By Sheryl Gay Stolberg, Abby Goodnough and Margot Sanger-Katz
The New York Times, January 28, 2021
President Biden, seeking to expand access to health care and strengthen the Affordable Care Act, used his executive authority Thursday to order the reopening of enrollment in the health law’s marketplaces and a re-examination of Trump administration policies that undermined protections for people with pre-existing medical conditions.
His aim, he said in a brief signing ceremony in the Oval Office, was to “undo the damage Trump has done.”

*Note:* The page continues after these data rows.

(* Let $s\in\mathbb{C}$ with $\sigma=\operatorname{Re}s>1$, let $\beta\ne0$ be complex and $n_0>1+|\beta|$ an integer. With $\gamma_{k_0}=\big|1+\frac{s-1}{k_0+1}\big|$, let $k_0$ be a positive integer such that $\gamma_{k_0}<\frac{n_0-1}{|\beta|}$. Let $\mathcal{D}_{n_0}\in\{\mathcal{X}_{n_0},\mathcal{Y}_{n_0},\mathcal{Z}_{n_0}\}$. Then $$\Big|\sum_{k\ge k_0}\binom{-s}{k}\beta^k\mathcal{D}_{n_0}(s+k)\Big|\le\frac{2|\beta|^{k_0}(n_0-1)^{3-\sigma-k_0}}{(\sigma+k_0-2)(n_0-1-\gamma_{k_0}|\beta|)}\Big|\binom{-s}{k_0}\Big|.$$
   Context: Pascal's rhombus consists of integers $r_{i,j}$ for $i\ge0$, $j\in\mathbb{Z}$, with $r_{0,j}=0$ for all $j$, $r_{1,0}=1$, $r_{1,j}=0$ for $j\ne0$, and $r_{i,j}=r_{i-1,j-1}+r_{i-1,j}+r_{i-1,j+1}+r_{i-2,j}$ for $i\ge2$. For $n\ge1$: $x(n)$ is the number of $j$ with $r_{n,j}$ odd; $y(n)$ the number of $j$ with $r_{2n-1,2j}$ odd; $z(n)$ the number of $j$ with $r_{2n,2j-1}$ odd. $\mathcal{X}_{n_0}(s)=\sum_{n\ge n_0}x(n)n^{-s}$, $\mathcal{Y}_{n_0}(s)=\sum_{n\ge n_0}y(n)n^{-s}$, $\mathcal{Z}_{n_0}(s)=\sum_{n\ge n_0}z(n)n^{-s}$. *)

theory Defs
  imports "HOL-Analysis.Analysis"
begin

text \<open>Pascal's rhombus r(i,j), i \<ge> 0, j integer.\<close>
fun rh :: "nat \<Rightarrow> int \<Rightarrow> int" where
  "rh 0 j = 0"
| "rh (Suc 0) j = (if j = 0 then 1 else 0)"
| "rh (Suc (Suc i)) j = rh (Suc i) (j - 1) + rh (Suc i) j + rh (Suc i) (j + 1) + rh i j"

definition rx :: "nat \<Rightarrow> nat" where
  "rx n = card {j::int. odd (rh n j)}"

definition ry :: "nat \<Rightarrow> nat" where
  "ry n = card {j::int. odd (rh (2 * n - 1) (2 * j))}"

definition rz :: "nat \<Rightarrow> nat" where
  "rz n = card {j::int. odd (rh (2 * n) (2 * j - 1))}"

definition dser :: "(nat \<Rightarrow> nat) \<Rightarrow> nat \<Rightarrow> complex \<Rightarrow> complex" where
  "dser d n0 s = (\<Sum>n. of_nat (d (n + n0)) * (of_nat (n + n0)) powr (- s))"

end

theory Submission imports Defs begin

text \<open>Row n of Pascal's rhombus vanishes outside the open interval (-n, n), so each of x(n), y(n), z(n)
  is at most 2n. Comparing the sum with an integral (via the mean value theorem) then gives
  |D(z)| \<le> 2 (n0-1)^(2 - Re z) / (Re z - 2) for Re z > 2. The binomial coefficients satisfy
  |C(-s, k+1)| = |C(-s, k)| |1 + (s-1)/(k+1)|, and these ratios decrease to 1, so from k0 on the
  series is dominated by a geometric series with ratio \<gamma>(k0) |\<beta>| / (n0-1) < 1.\<close>

lemma rh_eq_0_if_le_abs: "int n \<le> \<bar>j\<bar> \<Longrightarrow> rh n j = 0"
  by (induction n j rule: rh.induct) auto

lemma abs_less_if_odd_rh: "odd (rh n j) \<Longrightarrow> \<bar>j\<bar> < int n"
  by (rule ccontr) (simp add: rh_eq_0_if_le_abs)

lemma card_le_if_subset_atLeastAtMost_int:
  "A \<subseteq> {a..b::int} \<Longrightarrow> card A \<le> nat (b - a + 1)"
  using card_mono[OF finite_atLeastAtMost_int] by fastforce

lemma rx_le: "n \<ge> 1 \<Longrightarrow> rx n \<le> 2 * n"
proof -
  assume "n \<ge> 1"
  have "{j. odd (rh n j)} \<subseteq> {- (int n - 1)..int n - 1}"
    using abs_less_if_odd_rh by fastforce
  from card_le_if_subset_atLeastAtMost_int[OF this] \<open>n \<ge> 1\<close> show ?thesis
    unfolding rx_def by simp
qed

lemma ry_le: "n \<ge> 1 \<Longrightarrow> ry n \<le> 2 * n"
proof -
  assume "n \<ge> 1"
  have "{j. odd (rh (2 * n - 1) (2 * j))} \<subseteq> {- (int n - 1)..int n - 1}"
    using abs_less_if_odd_rh \<open>n \<ge> 1\<close> by fastforce
  from card_le_if_subset_atLeastAtMost_int[OF this] \<open>n \<ge> 1\<close> show ?thesis
    unfolding ry_def by simp
qed

lemma rz_le: "n \<ge> 1 \<Longrightarrow> rz n \<le> 2 * n"
proof -
  assume "n \<ge> 1"
  have "{j. odd (rh (2 * n) (2 * j - 1))} \<subseteq> {- (int n - 1)..int n}"
    using abs_less_if_odd_rh \<open>n \<ge> 1\<close> by fastforce
  from card_le_if_subset_atLeastAtMost_int[OF this] \<open>n \<ge> 1\<close> show ?thesis
    unfolding rz_def by simp
qed

lemma powr_le_powr_diff_div:
  fixes a x :: real
  assumes "a > 2" "x > 1"
  shows "x powr (1 - a) \<le> ((x - 1) powr (2 - a) - x powr (2 - a)) / (a - 2)"
proof -
  have deriv: "((\<lambda>t. t powr (2 - a)) has_real_derivative (2 - a) * t powr (2 - a - 1)) (at t)"
    if "x - 1 \<le> t" for t
    using assms that by (intro has_real_derivative_powr) auto
  obtain z where z: "x - 1 < z" "z < x"
    and mvt: "x powr (2 - a) - (x - 1) powr (2 - a) = (x - (x - 1)) * ((2 - a) * z powr (2 - a - 1))"
    using MVT2[of "x - 1" x "\<lambda>t. t powr (2 - a)" "\<lambda>t. (2 - a) * t powr (2 - a - 1)"] deriv by auto
  have "x powr (1 - a) \<le> z powr (1 - a)"
    using z assms by (intro powr_mono2') auto
  also have "z powr (1 - a) = ((x - 1) powr (2 - a) - x powr (2 - a)) / (a - 2)"
    using mvt assms by (simp add: field_simps)
  finally show ?thesis .
qed

lemma norm_dser_le_if_linear_bound:
  fixes d :: "nat \<Rightarrow> nat" and c :: real and z :: complex
  assumes lin: "\<And>n. n \<ge> n0 \<Longrightarrow> real (d n) \<le> c * real n"
    and "n0 \<ge> 2" and "Re z > 2"
  shows "norm (dser d n0 z) \<le> c * (real n0 - 1) powr (2 - Re z) / (Re z - 2)"
proof -
  define a where "a = Re z"
  define g where "g n = c * (real (n + n0) - 1) powr (2 - a) / (a - 2)" for n
  have "a > 2" using assms a_def by simp
  have "0 \<le> c * real n0"
    using lin[of n0] of_nat_0_le_iff order_trans by blast
  then have "c \<ge> 0"
    using \<open>n0 \<ge> 2\<close> by (simp add: zero_le_mult_iff)
  have "filterlim (\<lambda>n. (real n0 - 1) + real n) at_top sequentially"
    by (rule filterlim_tendsto_add_at_top[OF tendsto_const filterlim_real_sequentially])
  then have "filterlim (\<lambda>n. real (n + n0) - 1) at_top sequentially"
    by (simp add: algebra_simps)
  then have "(\<lambda>n. (real (n + n0) - 1) powr (2 - a)) \<longlonglongrightarrow> 0"
    using \<open>a > 2\<close> by (intro tendsto_neg_powr) auto
  from tendsto_mult[OF tendsto_const[of c] tendsto_divide[OF this tendsto_const[of "a - 2"]]]
  have "g \<longlonglongrightarrow> 0"
    using \<open>a > 2\<close> unfolding g_def by simp
  then have telescope: "(\<lambda>n. g n - g (Suc n)) sums g 0"
    using telescope_sums' by fastforce
  have term_le: "norm (of_nat (d (n + n0)) * of_nat (n + n0) powr (- z)) \<le> g n - g (Suc n)" for n
  proof -
    define m where "m = n + n0"
    have "m \<ge> 2" using assms m_def by simp
    have "norm (of_nat (d m) * (of_nat m :: complex) powr (- z)) = real (d m) * real m powr (- a)"
      by (simp add: norm_mult norm_powr_real_powr a_def)
    also have "\<dots> \<le> c * real m * real m powr (- a)"
      using lin[of m] m_def by (intro mult_right_mono) auto
    also have "\<dots> = c * real m powr (1 - a)"
      using \<open>m \<ge> 2\<close> by (simp add: powr_diff powr_minus field_simps)
    also have "\<dots> \<le> c * (((real m - 1) powr (2 - a) - real m powr (2 - a)) / (a - 2))"
      using powr_le_powr_diff_div[OF \<open>a > 2\<close>, of "real m"] \<open>m \<ge> 2\<close> \<open>c \<ge> 0\<close>
      by (intro mult_left_mono) auto
    also have "\<dots> = g n - g (Suc n)"
      unfolding g_def m_def by (simp add: diff_divide_distrib right_diff_distrib)
    finally show ?thesis unfolding m_def .
  qed
  have "norm (dser d n0 z) \<le> (\<Sum>n. g n - g (Suc n))"
    unfolding dser_def by (rule norm_suminf_le[OF term_le sums_summable[OF telescope]])
  also have "\<dots> = g 0"
    using telescope sums_unique by metis
  finally show ?thesis
    unfolding g_def a_def by simp
qed

lemma norm_dser_shift_le:
  fixes s :: complex
  assumes "d \<in> {rx, ry, rz}" and "n0 \<ge> 2" and "Re s + real k0 > 2"
  shows "norm (dser d n0 (s + of_nat (k + k0)))
    \<le> 2 * (real n0 - 1) powr (3 - Re s - real k0) / (Re s + real k0 - 2) / (real n0 - 1) ^ Suc k"
proof -
  define N where "N = real n0 - 1"
  have "N > 0" using assms N_def by simp
  have "real (d n) \<le> 2 * real n" if "n \<ge> n0" for n
    using assms rx_le[of n] ry_le[of n] rz_le[of n] that by auto
  then have "norm (dser d n0 (s + of_nat (k + k0)))
      \<le> 2 * N powr (2 - Re s - real (k + k0)) / (Re s + real (k + k0) - 2)"
    using norm_dser_le_if_linear_bound[of n0 d 2 "s + of_nat (k + k0)"] assms
    unfolding N_def by (simp add: algebra_simps)
  also have "\<dots> \<le> 2 * N powr (2 - Re s - real (k + k0)) / (Re s + real k0 - 2)"
    using assms by (intro divide_left_mono) auto
  also have "N powr (2 - Re s - real (k + k0)) = N powr (3 - Re s - real k0) / N ^ Suc k"
    using \<open>N > 0\<close> powr_diff[of N "3 - Re s - real k0" "real (Suc k)"] powr_realpow[of N "Suc k"]
    by (simp add: algebra_simps)
  finally show ?thesis
    unfolding N_def by (simp add: mult.commute)
qed

lemma norm_gbinomial_neg_Suc:
  fixes s :: complex
  shows "norm ((- s) gchoose Suc m) = norm ((- s) gchoose m) * norm (1 + (s - 1) / of_nat (Suc m))"
proof -
  have "of_nat (Suc m) * ((- s) gchoose Suc m) = (- s - of_nat m) * ((- s) gchoose m)"
    using gbinomial_mult_1[of "- s" m] by (simp add: algebra_simps)
  also have "- s - of_nat m = - (of_nat (Suc m) * (1 + (s - 1) / of_nat (Suc m)))"
    by (simp add: field_simps del: of_nat_Suc) (simp add: algebra_simps)
  finally have "of_nat (Suc m) * ((- s) gchoose Suc m)
      = of_nat (Suc m) * - (((- s) gchoose m) * (1 + (s - 1) / of_nat (Suc m)))"
    by (simp add: algebra_simps)
  then have "(- s) gchoose Suc m = - (((- s) gchoose m) * (1 + (s - 1) / of_nat (Suc m)))"
    using mult_cancel_left of_nat_eq_0_iff nat.distinct(1) by metis
  then show ?thesis
    by (simp add: norm_mult)
qed

lemma norm_one_plus_div_antimono:
  fixes s :: complex
  assumes "Re s \<ge> 1" and "k0 \<le> m"
  shows "norm (1 + (s - 1) / of_nat (m + 1)) \<le> norm (1 + (s - 1) / of_nat (k0 + 1))"
proof -
  have norm_eq: "norm (1 + (s - 1) / of_nat (j + 1))
      = sqrt ((1 + (Re s - 1) / (real j + 1))\<^sup>2 + (Im s / (real j + 1))\<^sup>2)" for j
    by (simp add: cmod_def add.commute)
  have im: "(Im s / (real m + 1))\<^sup>2 \<le> (Im s / (real k0 + 1))\<^sup>2"
    using assms by (simp add: power_divide divide_left_mono)
  have "1 + (Re s - 1) / (real m + 1) \<le> 1 + (Re s - 1) / (real k0 + 1)"
    using assms by (intro add_left_mono divide_left_mono) auto
  then have re: "(1 + (Re s - 1) / (real m + 1))\<^sup>2 \<le> (1 + (Re s - 1) / (real k0 + 1))\<^sup>2"
    using assms by (intro power_mono) auto
  show ?thesis
    unfolding norm_eq by (intro real_sqrt_le_mono add_mono re im)
qed

lemma norm_gbinomial_neg_add_le:
  fixes s :: complex
  assumes "Re s \<ge> 1"
  shows "norm ((- s) gchoose (k + k0)) \<le> norm ((- s) gchoose k0) * norm (1 + (s - 1) / of_nat (k0 + 1)) ^ k"
proof (induction k)
  case 0
  then show ?case by simp
next
  case (Suc k)
  have "norm ((- s) gchoose (Suc k + k0))
      = norm ((- s) gchoose (k + k0)) * norm (1 + (s - 1) / of_nat (k + k0 + 1))"
    using norm_gbinomial_neg_Suc[of s "k + k0"] by simp
  also have "\<dots> \<le> norm ((- s) gchoose k0) * norm (1 + (s - 1) / of_nat (k0 + 1)) ^ k
      * norm (1 + (s - 1) / of_nat (k0 + 1))"
    using Suc norm_one_plus_div_antimono[OF assms, of k0 "k + k0"] by (intro mult_mono) auto
  finally show ?case by (simp add: algebra_simps)
qed

lemma summable_and_norm_suminf_le_geometric:
  fixes f :: "nat \<Rightarrow> 'a::banach"
  assumes "\<And>k. norm (f k) \<le> C * q ^ k" and "0 \<le> q" and "q < 1"
  shows "summable f \<and> norm (suminf f) \<le> C / (1 - q)"
proof -
  have geometric: "(\<lambda>k. C * q ^ k) sums (C / (1 - q))"
    using assms sums_mult[OF geometric_sums, of q C] by (simp add: divide_inverse)
  have "summable f"
    by (rule summable_comparison_test'[OF sums_summable[OF geometric] assms(1)])
  moreover have "norm (suminf f) \<le> C / (1 - q)"
    using norm_suminf_le[OF assms(1) sums_summable[OF geometric]] sums_unique[OF geometric] by simp
  ultimately show ?thesis ..
qed

lemma divide_mult_divide_one_minus:
  fixes X D N a :: "'a::field"
  assumes "N \<noteq> 0"
  shows "X / (D * N) / (1 - a / N) = X / (D * (N - a))"
proof -
  have "1 - a / N = (N - a) / N"
    using assms by (simp add: diff_divide_distrib)
  then show ?thesis
    using assms by simp
qed

lemma norm_tail_term_le:
  fixes s \<beta> :: complex
  assumes "Re s \<ge> 1" and "d \<in> {rx, ry, rz}" and "n0 \<ge> 2" and "Re s + real k0 > 2"
  shows "norm (((- s) gchoose (k + k0)) * \<beta> ^ (k + k0) * dser d n0 (s + of_nat (k + k0)))
    \<le> 2 * norm ((- s) gchoose k0) * norm \<beta> ^ k0 * (real n0 - 1) powr (3 - Re s - real k0)
        / ((Re s + real k0 - 2) * (real n0 - 1))
      * (norm (1 + (s - 1) / of_nat (k0 + 1)) * norm \<beta> / (real n0 - 1)) ^ k"
proof -
  have "norm (((- s) gchoose (k + k0)) * \<beta> ^ (k + k0) * dser d n0 (s + of_nat (k + k0)))
      \<le> (norm ((- s) gchoose k0) * norm (1 + (s - 1) / of_nat (k0 + 1)) ^ k) * norm \<beta> ^ (k + k0)
        * (2 * (real n0 - 1) powr (3 - Re s - real k0) / (Re s + real k0 - 2) / (real n0 - 1) ^ Suc k)"
    unfolding norm_mult norm_power using assms
    by (intro mult_mono norm_gbinomial_neg_add_le norm_dser_shift_le) auto
  also have "\<dots> = 2 * norm ((- s) gchoose k0) * norm \<beta> ^ k0 * (real n0 - 1) powr (3 - Re s - real k0)
        / ((Re s + real k0 - 2) * (real n0 - 1))
      * (norm (1 + (s - 1) / of_nat (k0 + 1)) * norm \<beta> / (real n0 - 1)) ^ k"
    using assms by (simp add: power_add power_divide power_mult_distrib field_simps)
  finally show ?thesis .
qed

theorem lemmaI4:
  fixes s \<beta> :: complex and n0 k0 :: nat and d :: "nat \<Rightarrow> nat"
  assumes "Re s > 1"
    and "\<beta> \<noteq> 0"
    and "real n0 > 1 + norm \<beta>"
    and "k0 > 0"
    and "norm (1 + (s - 1) / of_nat (k0 + 1)) < (real n0 - 1) / norm \<beta>"
    and "d \<in> {rx, ry, rz}"
  shows "summable (\<lambda>k. ((- s) gchoose (k + k0)) * \<beta> ^ (k + k0) * dser d n0 (s + of_nat (k + k0)))
    \<and> norm (\<Sum>k. ((- s) gchoose (k + k0)) * \<beta> ^ (k + k0) * dser d n0 (s + of_nat (k + k0)))
      \<le> 2 * norm \<beta> ^ k0 * (real n0 - 1) powr (3 - Re s - real k0)
         / ((Re s + real k0 - 2) * (real n0 - 1 - norm (1 + (s - 1) / of_nat (k0 + 1)) * norm \<beta>))
         * norm ((- s) gchoose k0)"
proof -
  define N where "N = real n0 - 1"
  define \<gamma> where "\<gamma> = norm (1 + (s - 1) / of_nat (k0 + 1))"
  have "norm \<beta> > 0" "N > norm \<beta>" "Re s + real k0 > 2"
    using assms unfolding N_def by auto
  then have "N > 0" "N \<noteq> 0" "n0 \<ge> 2"
    unfolding N_def by linarith+
  have "\<gamma> * norm \<beta> < N"
    using assms(5) \<open>norm \<beta> > 0\<close> unfolding \<gamma>_def N_def by (simp add: pos_less_divide_eq)
  then have ratio_less_1: "\<gamma> * norm \<beta> / N < 1"
    using \<open>N > 0\<close> by simp
  have "summable (\<lambda>k. ((- s) gchoose (k + k0)) * \<beta> ^ (k + k0) * dser d n0 (s + of_nat (k + k0)))
    \<and> norm (\<Sum>k. ((- s) gchoose (k + k0)) * \<beta> ^ (k + k0) * dser d n0 (s + of_nat (k + k0)))
      \<le> 2 * norm ((- s) gchoose k0) * norm \<beta> ^ k0 * N powr (3 - Re s - real k0)
          / ((Re s + real k0 - 2) * N) / (1 - \<gamma> * norm \<beta> / N)"
    using assms \<open>n0 \<ge> 2\<close> \<open>Re s + real k0 > 2\<close> ratio_less_1 unfolding N_def \<gamma>_def
    by (intro summable_and_norm_suminf_le_geometric norm_tail_term_le) auto
  moreover have "2 * norm ((- s) gchoose k0) * norm \<beta> ^ k0 * N powr (3 - Re s - real k0)
          / ((Re s + real k0 - 2) * N) / (1 - \<gamma> * norm \<beta> / N)
      = 2 * norm \<beta> ^ k0 * N powr (3 - Re s - real k0)
          / ((Re s + real k0 - 2) * (N - \<gamma> * norm \<beta>)) * norm ((- s) gchoose k0)"
    unfolding divide_mult_divide_one_minus[OF \<open>N \<noteq> 0\<close>] by (simp add: mult_ac)
  ultimately show ?thesis
    unfolding N_def \<gamma>_def by simp
qed

end
lemma
  fixes v :: "real^'n \<Rightarrow> real"
  assumes a: "spectral_measure a" and v_meas [measurable]: "v \<in> borel_measurable borel"
    and v_bounded: "\<And>y. \<bar>v y\<bar> \<le> B"
  shows integrable_delta_sphere: "integrable a (\<lambda>\<omega>. delta v x (\<rho> *\<^sub>R \<omega>))"
    and spherical_delta_measurable: "spherical_delta a v x \<in> borel_measurable borel"
    and spherical_delta_bounded: "\<bar>spherical_delta a v x \<rho>\<bar> \<le> measure a (space a) * (4 * B)"
proof -
  interpret finite_measure a using spectral_measureD(1)[OF a] .
  have delta_bounded: "\<bar>delta v x y\<bar> \<le> 4 * B" for y
    using v_bounded[of x] v_bounded[of "x - y"] v_bounded[of "x + y"] unfolding delta_def by linarith
  show int: "integrable a (\<lambda>\<omega>. delta v x (\<rho> *\<^sub>R \<omega>))" for \<rho>
  proof (rule integrable_const_bound[where B = "4 * B"])
    show "(\<lambda>\<omega>. delta v x (\<rho> *\<^sub>R \<omega>)) \<in> borel_measurable a"
      by (rule measurable_spectral_measure[OF a]) (unfold delta_def, measurable)
  qed (use delta_bounded in auto)
  have "(\<lambda>p. delta v x (fst p *\<^sub>R snd p)) \<in> borel_measurable (lborel \<Otimes>\<^sub>M a)"
    using measurable_scaled_sphere_point[OF a] unfolding delta_def by measurable
  then have "(\<lambda>\<rho>. \<integral>\<omega>. delta v x (\<rho> *\<^sub>R \<omega>) \<partial>a) \<in> borel_measurable lborel"
    by (intro borel_measurable_lebesgue_integral) (simp add: case_prod_beta')
  then show "spherical_delta a v x \<in> borel_measurable borel"
    unfolding spherical_delta_def by simp
  show "\<bar>spherical_delta a v x \<rho>\<bar> \<le> measure a (space a) * (4 * B)"
  proof -
    have "\<bar>spherical_delta a v x \<rho>\<bar> \<le> (\<integral>\<omega>. 4 * B \<partial>a)"
      unfolding spherical_delta_def
      by (rule integral_abs_bound_integral[OF int integrable_const]) (rule delta_bounded)
    then show ?thesis by simp
  qed
qed
(* If $K\subseteq\beta\mathbb{T}$ is a nonempty compact set closed under $\hat{}$ which is minimal among nonempty compact subsets of $\beta\mathbb{T}$ closed under $\hat{}$, then $K$ is not separable.
   Context: For $a,b\subseteq(0,1]$ put $a\,\hat{}\,b=\tfrac12 a\cup\tfrac12(b+1)$; $\mathbb{T}$ is the set generated from $\mathbf{1}=\{1\}$ by $\hat{}$ (the free binary system on one generator). $\beta\mathbb{T}$ is the Čech–Stone compactification of the discrete set $\mathbb{T}$ (the space of ultrafilters on $\mathbb{T}$ with its usual compact topology), and $\hat{}$ is extended to $\beta\mathbb{T}$ by: $W\in\mathcal{U}\,\hat{}\,\mathcal{V}$ iff $\{u\in\mathbb{T}:\{v\in\mathbb{T}:u\,\hat{}\,v\in W\}\in\mathcal{V}\}\in\mathcal{U}$. A subset $K$ is closed under $\hat{}$ if $\xi\,\hat{}\,\eta\in K$ whenever $\xi,\eta\in K$. *)

theory Defs
  imports "HOL-Analysis.Analysis"
begin

definition hat :: "real set \<Rightarrow> real set \<Rightarrow> real set" where
  "hat a b = (\<lambda>x. x / 2) ` a \<union> (\<lambda>x. (x + 1) / 2) ` b"

text \<open>The free binary system generated from {1} by hat.\<close>
inductive_set TT :: "real set set" where
  one: "{1} \<in> TT"
| hat: "a \<in> TT \<Longrightarrow> b \<in> TT \<Longrightarrow> hat a b \<in> TT"

definition ultrafilter_on :: "'a set \<Rightarrow> 'a set set \<Rightarrow> bool" where
  "ultrafilter_on X U \<longleftrightarrow>
     U \<subseteq> Pow X \<and> X \<in> U \<and> {} \<notin> U \<and>
     (\<forall>A B. A \<in> U \<and> A \<subseteq> B \<and> B \<subseteq> X \<longrightarrow> B \<in> U) \<and>
     (\<forall>A B. A \<in> U \<and> B \<in> U \<longrightarrow> A \<inter> B \<in> U) \<and>
     (\<forall>A. A \<subseteq> X \<longrightarrow> A \<in> U \<or> X - A \<in> U)"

Mr. Biden’s first step is to reopen enrollment for health coverage offered through the federal marketplace created under the health law, also known as Obamacare. His intent is to offer coverage not only to those who lost it during the pandemic, but also to those who did not have insurance and now want it, according to a senior administration official who previewed the new policy during a conference call Thursday morning.
The so-called special enrollment period will run from Feb. 15 to May 15. The official said the reopening would be accompanied by the kind of robust patient outreach — including “paid advertising, direct outreach to consumers and partnerships” with community organizations and advocacy groups — that was abandoned by the Trump administration.
Mr. Biden’s actions take aim at a number of Mr. Trump’s policies. In 2018, citing complaints about the price of Obamacare coverage, the Trump administration issued a rule that extended the length of less expensive “short” term policies from three months to up to three years. Such policies do not have to cover pre-existing conditions and can exclude common benefits like maternity care, mental health care or prescription drugs. The former administration also made it easier for small businesses to band together and offer plans that escape some of the requirements of the Affordable Care Act. Mr. Biden has asked federal agencies to re-examine these rules, which could take months to undo.
Comment:
By Don McCanne, M.D.
Open the enrollment period. Plus undo a number of Mr. Trump’s policies. More of the same.
Tens of millions remain uninsured and tens of millions more are underinsured. We continue to waste hundreds of billions of dollars on private insurer-induced administrative excesses. Not a hint of what he might do about that. Instead, we’ll have many months to undo Trump’s policies so that we’ll be left with … what? The same old system that hasn’t been working for tens of millions of us.